What The Hell Is In That Purse?


Angelyne.  Not dead.  Not anything.

“I don’t do.  I AM.”


For decades now, a creature called Angelyne has been adorning the streets and alleys of Hollywood.  She is completely useless, aside from the occasional joke cracked at her expense about her age, or her vapid personality.  She is now vying for dead Johnny Grant’s spot as Honorary Mayor of Hollywood.  Both were attention whores, she’d be perfect.  Does anyone else think she’s looking more like Dolly these days?



I took this picture in the early 90’s.

November 2010 – Angelyne’s Malibu condo is now on the market.

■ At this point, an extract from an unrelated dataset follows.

(* Assume the labeled data contain at least one point with $y_i=1$ and at least one with $y_i=-1$, $\tau\in\{0,\dots,m\}$, and let $M_0$ be the valid big-$M$ $M_0:=2\sqrt{2(2C_1\bar n+C_2(m-\tau))}\max_{i}\|x^i\|+1$ with $\bar n:=|\{i\in[1,n]:y_i=-1\}|$. Let $(\bar\omega,\bar b,\bar\xi,\bar\eta,\bar z)$ be a feasible point of (P3) (with constant $M_0$) with objective value $\bar f$, and let $(\omega^*,b^*,\xi^*,\eta^*,z^* )$ be an optimal solution of (P3) (with constant $M_0$) with optimal value $f^*$. Let $P_u:=\{i\in[n+1,N]:(\omega^* )^\top x^i+b^*>0\}$, $N_u:=\{i\in[n+1,N]:(\omega^* )^\top x^i+b^*<0\}$, let $S_p\subseteq P_u$, $S_n\subseteq N_u$ be arbitrary, and let $s\in[n+1,N]\setminus(S_p\cup S_n)$ with $\bar\omega^\top x^s+\bar b<0$. Consider Problem (P5) with constant $M:=2\sqrt{2\bar f}\max_{i\in[1,N]}\|x^i\|+1$. Then: (a) the objective value $\tilde f$ of any feasible point of (P5) satisfies $f^*\le\tilde f$; (b) if $\tilde f$ is the optimal value of (P5) and $\bar f<\tilde f$, then $(\omega^* )^\top x^s+b^*<0$, i.e., $s\in N_u$.
   Context: Data: points $x^1,\dots,x^N\in\mathbb{R}^d$; the first $n$ are labeled with $y_i\in\{-1,1\}$, the remaining $m:=N-n$ points are unlabeled; $[a,b]=\{a,\dots,b\}$; Euclidean norm. Parameters $C_1,C_2>0$, integer $\tau$. Objective $F(\omega,\xi,\eta):=\tfrac12\|\omega\|^2+C_1\sum_{i=1}^n\xi_i+C_2(\eta_1+\eta_2)$. Problem (P3) with constant $M$: minimize $F$ over $\omega\in\mathbb{R}^d,b\in\mathbb{R},\xi\in\mathbb{R}^n,\eta\in\mathbb{R}^2$, $z_i\in\{0,1\}$ ($i\in[n+1,N]$) subject to $y_i(\omega^\top x^i+b)\ge1-\xi_i$ ($i\in[1,n]$); $-(1-z_i)M\le\omega^\top x^i+b\le z_iM$ ($i\in[n+1,N]$); $\tau-\eta_1\le\sum_{i=n+1}^Nz_i\le\tau+\eta_2$; $\xi\ge0$; $\eta\ge0$. Problem (P5) (for given $S_p,S_n,s$ and constant $M$): minimize $F$ over $\omega,b,\xi,\eta$ and $z_i\in\{0,1\}$ for $i\in[n+1,N]\setminus(S_p\cup S_n)$, subject to $y_i(\omega^\top x^i+b)\ge1-\xi_i$ ($i\in[1,n]$); $-(1-z_i)M\le\omega^\top x^i+b\le z_iM$ for $i\in[n+1,N]\setminus(\{s\}\cup S_p\cup S_n)$; $\omega^\top x^i+b\ge0$ for $i\in S_p$; $\omega^\top x^i+b\le0$ for $i\in S_n$; $0\le\omega^\top x^s+b\le z_sM$; $\tau-\eta_1\le|S_p|+\sum_{i\in[n+1,N]\setminus(S_p\cup S_n)}z_i\le\tau+\eta_2$; $\xi_i\ge0$ ($i\in[1,n]$); $\eta_1,\eta_2\ge0$. *)

theory Defs
  imports "HOL-Analysis.Analysis"
begin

Her billboards still occasionally grace Hollywood, though she never really has anything to sell.  She just shows up, and is expected to be compensated.  She even has a dog that she rents out.  Poor thing.  Mostly she just drives around town in her pink vette with the custom plates.



The.  End.



However, Angelyne wins.  She set out to become famous, and she has done a good job of it.  She ended up in a few movies like Earth Girls Are Easy, and Volcano, and she was in the credits to Moonlighting.

Because of the revitalization of Hollywood, Angelyne was recently kicked out of her long term office, and she now parks her car in the parking lot next to where I begin my tour.  I spotted her car recently and wondered what the hell she sees every day, while tooling around, so I decided to snap and share.